Gold prices closed higher, as investors absorbed fresh data showing stronger-than-expected U.S. employment data, but swept to a third straight week of declines. June gold futures added to gains after the jobs data, then pared those back. The contract rose 0.4% to settle at $1,882.80 per ounce. Still, the precious metal lost 1.5% for the week, booking a third straight week of declines.
“We do expect more investment demand from gold this year,” said Robert Minter, director of ETF investment strategy at abrdn. He pointed to markets having trouble parsing what the new interest rate regime looks like as central bankers work to cool inflation. “Clearly, there will be higher interest rates,” Minter said. “Clearly, there will be higher inflation. The question is, are you looking at dramatically higher interest rates.”
Oil futures ended higher, posting a strong weekly gain, as the European Union made progress toward a ban on imports of Russian crude and gasoline futures surged to a record. The EU earlier this week proposed a phaseout of imports of Russian energy that would take effect within six months. The plan, which must be approved by all 27 members, still faces hurdles, with Hungary demanding more time and EU money to smooth the transition, according to The Wall Street Journal.

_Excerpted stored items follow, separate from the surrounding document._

text \<open>Conversely every such difference b_r - y is the hook length of a cell in row r: with e the
  last row whose beta-number exceeds y, take the column c = y - (m - 1 - e).\<close>
lemma beta_gap_as_hook:
  assumes p: "is_partition la" and r: "r < length la" and y: "y < first_hook la r"
    and yn: "y \<notin> first_hook la ` {..<length la}"
  shows "\<exists>c<la!r. hook la r c = first_hook la r - y"
proof -
  define m where "m = length la"
  have first_hook_m: "\<And>k. first_hook la k = la!k + (m - 1 - k)" unfolding first_hook_def m_def by simp
  have down_closed: "\<And>k k'. k \<le> k' \<Longrightarrow> k' < m \<Longrightarrow> y < first_hook la k' \<Longrightarrow> y < first_hook la k"
    using first_hook_strict[OF p] unfolding m_def by (metis le_eq_less_or_eq order_less_trans)
  have "\<exists>e. r \<le> e \<and> e < m \<and> (\<forall>k<m. y < first_hook la k \<longleftrightarrow> k \<le> e)"
    by (rule initial_segment) (use r y down_closed in \<open>auto simp: m_def\<close>)
  then obtain e where e: "r \<le> e" "e < m" "\<forall>k<m. y < first_hook la k \<longleftrightarrow> k \<le> e" by blast
  define q where "q = m - 1 - e"
  have ltafter: "first_hook la k < y" if "e < k" "k < m" for k
  proof -
    have "\<not> y < first_hook la k" using e that by auto
    moreover have "first_hook la k \<noteq> y" using yn that unfolding m_def by auto
    ultimately show ?thesis by simp
  qed
  have ge: "q \<le> y" unfolding q_def m_def by (rule rows_below_le[OF p]) (use e ltafter in \<open>auto simp: m_def\<close>)
  define c where "c = y - q"
  have above: "c < la!k" if "k \<le> e" for k
  proof -
    have "y < first_hook la e" using e by simp
    then have "c < la!e" unfolding c_def using ge first_hook_m[of e] unfolding q_def by linarith
    moreover have "la!e \<le> la!k" using partition_antimono[OF p that] e unfolding m_def by simp
    ultimately show ?thesis by simp
  qed
  have below: "la!k \<le> c" if "e < k" "k < m" for k
  proof -
    have s1: "first_hook la k + (k - Suc e) \<le> first_hook la (Suc e)"
      using first_hook_gap[OF p, of "Suc e" k] that unfolding m_def by simp
    have "first_hook la (Suc e) < y" using ltafter that by simp
    moreover have "(m - 1 - k) + (k - Suc e) + 1 = q" using that unfolding q_def by simp
    ultimately show ?thesis using s1 first_hook_m[of k] ge unfolding c_def by linarith
  qed
  have "c < la!k \<longleftrightarrow> k \<le> e" if "k < length la" for k
    using above below that unfolding m_def by (meson not_le)
  then have hk: "hook la r c = la!r - c + (e - r)" using hook_leg[of r e la c] e unfolding m_def by blast
  have cr: "c < la!r" using above e by simp
  have "m - 1 - r = q + (e - r)" using e unfolding q_def by simp
  then have "hook la r c = first_hook la r - y" using hk ge cr first_hook_m[of r] unfolding c_def by (simp add: add.assoc)
  with cr show ?thesis by blast
qed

“Crude prices just want to head higher as energy traders completely fixate over the looming European sanctions on Russian oil. No one wants to be on the wrong side of a major crude supply disruption headline, so whatever oil price dips that happen will be short-lived,” said Edward Moya, senior market analyst at Oanda, in a note. West Texas Intermediate crude for June delivery rose 1.4% to close at $109.77 a barrel on the New York Mercantile Exchange, for a 4.9% weekly gain. July Brent crude, the global benchmark advanced 1.3% to end at $112.39 a barrel on ICE Futures Europe, up 4.9% for the week.

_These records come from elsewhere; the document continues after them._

lemma empty_lang_eq_literals: "r \<in> eq_literals m \<Longrightarrow> empty_lang r"
  unfolding eq_literals_def by auto

lemma eq_literals_complete_type:
  assumes "complete_type M m q" "i < m" "j < m"
  shows "Eq (Var i) (Var j) \<in> q \<inter> eq_literals m \<or> Neg (Eq (Var i) (Var j)) \<in> q \<inter> eq_literals m"
proof -
  have "fv (Eq (Var i) (Var j) :: ('f, 'r) fml) \<subseteq> {..<m}" using assms(2,3) by simp
  then have "Eq (Var i) (Var j) \<in> q \<or> Neg (Eq (Var i) (Var j)) \<in> q"
    using assms(1) unfolding complete_type_def by blast
  then show ?thesis using assms(2,3) unfolding eq_literals_def by blast
qed

text \<open>The equality literals of a complete type fix the equality pattern of each of its
  realizations on x_0..x_{m-1}.\<close>

lemma pattern_invariant_transitive:
  assumes "\<And>p. pattern_invariant M p"
  shows "transitive M m"
  unfolding transitive_def
proof (intro allI impI ballI)
  fix q p assume q: "complete_type M m q" and "p \<in> q"
  define S0 where "S0 = q \<inter> eq_literals m"
  have S0: "finite S0" "S0 \<subseteq> {r\<in>q. empty_lang r}"
    using finite_eq_literals empty_lang_eq_literals unfolding S0_def by auto
  have "sat M e p" if e: "e \<in> assigns M" "\<forall>r\<in>S0. sat M e r" for e
  proof -
    have "finite (insert p S0)" "insert p S0 \<subseteq> q"
      using S0 \<open>p \<in> q\<close> by auto
    then obtain e0 where e0: "e0 \<in> assigns M" "\<forall>r\<in>insert p S0. sat M e0 r"
      using q unfolding complete_type_def T_consistent_def by (metis (no_types, lifting))
    have "e0 i = e0 j \<longleftrightarrow> e i = e j" if "i < m" "j < m" for i j
    proof -
      have "Eq (Var i) (Var j) \<in> S0 \<or> Neg (Eq (Var i) (Var j)) \<in> S0"
        using eq_literals_complete_type[OF q that] unfolding S0_def .
      then show ?thesis
        using e(2) e0(2) by (metis insert_iff sat.simps(1,3) evalt.simps(1))
    qed
    then have "same_eq_pattern e0 e {..<m}"
      unfolding same_eq_pattern_def by simp
    moreover have "fv p \<subseteq> {..<m}" using q \<open>p \<in> q\<close> unfolding complete_type_def by auto
    ultimately show ?thesis
      using pattern_invariant_sat_eq[OF assms] e(1) e0 by blast
  qed
  then show "T_entails M {r\<in>q. empty_lang r} p"
    unfolding T_entails_def using S0 by blast
qed

theorem proposition1p6:
  fixes M :: "('a, 'f, 'r) struc" and n :: nat
  assumes "is_struc M"
    and "n \<ge> 1"
    and "transitive M n"
    and "\<not> transitive M (n + 1)"
  shows "\<not> nary M n"
proof
  assume "nary M n"
  then have "pattern_invariant M p" for p
    using assms(3) nary_transitive_pattern_invariant by blast
  then have "transitive M (n + 1)"
    by (rule pattern_invariant_transitive)
  with assms(4) show False by contradiction
qed

end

Major currencies were mixed against the US dollar in European and US trade. The Euro rose from near US$1.0485 to US$1.0595 and was near US$1.0550 at the US close. The Aussie dollar fell from US71.30 cents to US70.60 cents and was at US70.77 cents at the US close. And the Japanese yen held between 130.21 yen per US dollar and JPY130.69 and was at JPY130.55 at the US close.

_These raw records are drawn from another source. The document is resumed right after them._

lemma FBL_not_order_continuous:
  fixes \<chi> :: "'a::lattice \<Rightarrow> real"
  assumes "\<chi> \<in> Lstar" "\<chi> u = 0" "\<chi> v = 1"
  shows "\<not> order_continuous_norm (FBL :: (('a \<Rightarrow> real) \<Rightarrow> real) set) fbl_norm"
proof (rule not_order_continuous_normI[OF _ decseq_spike inf_spike_zero, where c = 1])
  show "range (spike u v) \<subseteq> FBL" using gen_sublattice_FBL[OF spike_gen_sublattice] by blast
  show "1 \<le> fbl_norm (spike u v n)" for n
    using abs_le_fbl_norm[OF gen_sublattice_bdd_fbl_norm_sums[OF spike_gen_sublattice] assms(1),
        of u v n]
      assms by (simp add: spike_def delta_Lstar)
qed simp

section \<open>Dedekind \<open>\<sigma>\<close>-completeness\<close>

definition ramp :: "'a::lattice \<Rightarrow> 'a \<Rightarrow> nat \<Rightarrow> ('a \<Rightarrow> real) \<Rightarrow> real" where
  "ramp u v n = (\<lambda>t. min (real n * max (delta u t) 0) (max (delta v t - delta u t) 0))"

lemma ramp_gen_sublattice: "ramp u v n \<in> gen_sublattice"
  unfolding ramp_def by (intro gen_inf gen_scale gen_sublattice_pos gen_sublattice_diff gen_delta)

lemma sup_ramp_ge:
  assumes s: "is_sup_in FBL (range (ramp u v)) s" and q: "q \<in> Lstar" "q u > 0"
  shows "q v - q u \<le> s q"
proof -
  obtain n where "(q v - q u) / q u < real n" using reals_Archimedean2 by blast
  with q(2) have "q v - q u \<le> real n * q u" by (simp add: pos_divide_less_eq)
  with q have "q v - q u \<le> ramp u v n q" unfolding ramp_def by (simp add: delta_Lstar)
  also have "\<dots> \<le> s q" using s unfolding is_sup_in_def le_fun_def by blast
  finally show ?thesis .
qed

lemma sup_ramp_nonpos:
  assumes s: "is_sup_in FBL (range (ramp u v)) s" and q: "q \<in> Lstar" "q u < 0"
  shows "s q \<le> 0"
proof -
  define m where "m = \<bar>q v - q u\<bar> / - q u"
  define h where "h = (\<lambda>t. max (delta v t - delta u t + m * min (delta u t) 0) 0)"
  have "(\<lambda>t. min (delta u t) 0) \<in> gen_sublattice"
    using gen_inf[OF gen_delta gen_sublattice_zero, of u] by simp
  then have "h \<in> FBL"
    unfolding h_def by (intro gen_sublattice_FBL gen_sublattice_pos gen_add gen_sublattice_diff gen_delta gen_scale)
  moreover have "ramp u v n \<le> h" for n
    unfolding ramp_def h_def by (rule le_funI) (simp add: min_def max_def)
  ultimately have "s \<le> h" using s unfolding is_sup_in_def by blast
  moreover have "m * q u = - \<bar>q v - q u\<bar>" unfolding m_def using q(2) by simp
  then have "h q = 0" unfolding h_def using q by (simp add: delta_Lstar)
  ultimately show ?thesis by (metis le_funD)
qed

lemma Lstar_half_shift:
  assumes "\<chi> \<in> Lstar" "\<bar>c\<bar> \<le> 1/2"
  shows "(\<lambda>x. 1/2 * \<chi> x + c) \<in> Lstar_cball (\<lambda>x. 1/2 * \<chi> x) \<bar>c\<bar>"
proof -
  have "1/2 * \<chi> x + c \<in> {-1..1}" for x
    using Lstar_abs_le[OF assms(1), of x] assms(2) by (auto simp: abs_le_iff)
  then have "(\<lambda>x. 1/2 * \<chi> x + c) \<in> Lstar" by (intro Lstar_affine[OF assms(1)]) auto
  then show ?thesis unfolding Lstar_cball_def by simp
qed

lemma FBL_not_dedekind_sigma_complete:
  fixes \<chi> :: "'a::lattice \<Rightarrow> real"
  assumes \<chi>: "\<chi> \<in> Lstar" "\<chi> u = 0" "\<chi> v = 1"
  shows "\<not> dedekind_sigma_complete (FBL :: (('a \<Rightarrow> real) \<Rightarrow> real) set)"
proof
  assume dsc: "dedekind_sigma_complete (FBL :: (('a \<Rightarrow> real) \<Rightarrow> real) set)"
  have "range (ramp u v) \<subseteq> FBL" using gen_sublattice_FBL[OF ramp_gen_sublattice] by blast
  moreover have "(\<lambda>t. max (delta v t - delta u t) 0) \<in> FBL"
    by (intro gen_sublattice_FBL gen_sublattice_pos gen_sublattice_diff gen_delta)
  moreover have "ramp u v n \<le> (\<lambda>t. max (delta v t - delta u t) 0)" for n
    unfolding ramp_def by (rule le_funI) simp
  ultimately have "\<exists>s. is_sup_in FBL (range (ramp u v)) s"
    by (intro dsc[unfolded dedekind_sigma_complete_def, rule_format] conjI bexI) auto
  then obtain s where s: "is_sup_in FBL (range (ramp u v)) s" ..
  then have "s \<in> FBL" unfolding is_sup_in_def by blast
  define p where "p = (\<lambda>x. 1/2 * \<chi> x)"
  note shifted = Lstar_half_shift[OF \<chi>(1), folded p_def]
  from shifted[of 0] have "p \<in> Lstar" unfolding Lstar_cball_def p_def by simp
  obtain d where "d > 0" and near: "\<And>q. q \<in> Lstar_cball p d \<Longrightarrow> \<bar>s q - s p\<bar> < 1/4"
    using FBL_continuous[OF \<open>s \<in> FBL\<close> \<open>p \<in> Lstar\<close>, of "1/4"] by auto
  define t where "t = min d (1/2)"
  have t: "0 < t" "t \<le> d" "t \<le> 1/2" using \<open>d > 0\<close> unfolding t_def by auto
  have near_pts: "(\<lambda>x. 1/2 * \<chi> x + c) \<in> Lstar_cball p d" if "\<bar>c\<bar> \<le> t" for c
    using shifted[of c] Lstar_cball_mono[of "\<bar>c\<bar>" d p] that t by auto
  define q_pos where "q_pos = (\<lambda>x. 1/2 * \<chi> x + t)"
  define q_neg where "q_neg = (\<lambda>x. 1/2 * \<chi> x + -t)"
  have q: "q_pos \<in> Lstar_cball p d" "q_neg \<in> Lstar_cball p d"
    unfolding q_pos_def q_neg_def using near_pts[of t] near_pts[of "-t"] t by simp_all
  then have "q_pos \<in> Lstar" "q_neg \<in> Lstar" using Lstar_cball_subset by blast+
  have "1/2 \<le> s q_pos" using sup_ramp_ge[OF s \<open>q_pos \<in> Lstar\<close>] \<chi> t by (simp add: q_pos_def)
  moreover have "s q_neg \<le> 0" using sup_ramp_nonpos[OF s \<open>q_neg \<in> Lstar\<close>] \<chi> t by (simp add: q_neg_def)
  ultimately show False using near[OF q(1)] near[OF q(2)] by linarith
qed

European sharemarkets were weaker on Friday. Technology shares fell 2.8% and retailers lost 2% but oil and gas rose 0.5%. Shares in Adidas fell by 3.6% after lowering sales expectations for 2022. And shares in Dutch bank, ING lost 4.7% in response to worse-than-expected quarterly income. The pan-European STOXX 600 index fell by 1.9% and fell 4.5% over the week – the biggest weekly decline in 2 months. The German Dax lost 1.6% and the UK FTSE fell by 1.5%. In London trade shares in Rio Tinto fell by 0.7% and shares in BHP fell by 0.1%.
Earlier Friday, Chinese stocks ended the session lower. The benchmark Shanghai Composite Index fell 2.2%, while the Shenzhen Composite Index dropped 1.7%. The ChiNext Price Index slid 1.9%. Tourism-related companies, including travel agencies, attraction-site operators, airlines and airports, led the losses, after Beijing signaled its intention to stick to its zero-Covid policy.
Hong Kong stocks also ended the session lower. The benchmark Hang Seng Index fell 3.8%, marking its largest one-day decline in two months. Consumer-goods companies led losses amid rising worries over China’s consumption downturn amid Beijing’s continuing zero-Covid policy. Japanese stocks, however, were led higher by gains in energy and power stocks as hopes grew for nuclear-reactor restarts amid climbing oil prices. The Nikkei Stock Average rose 0.7%.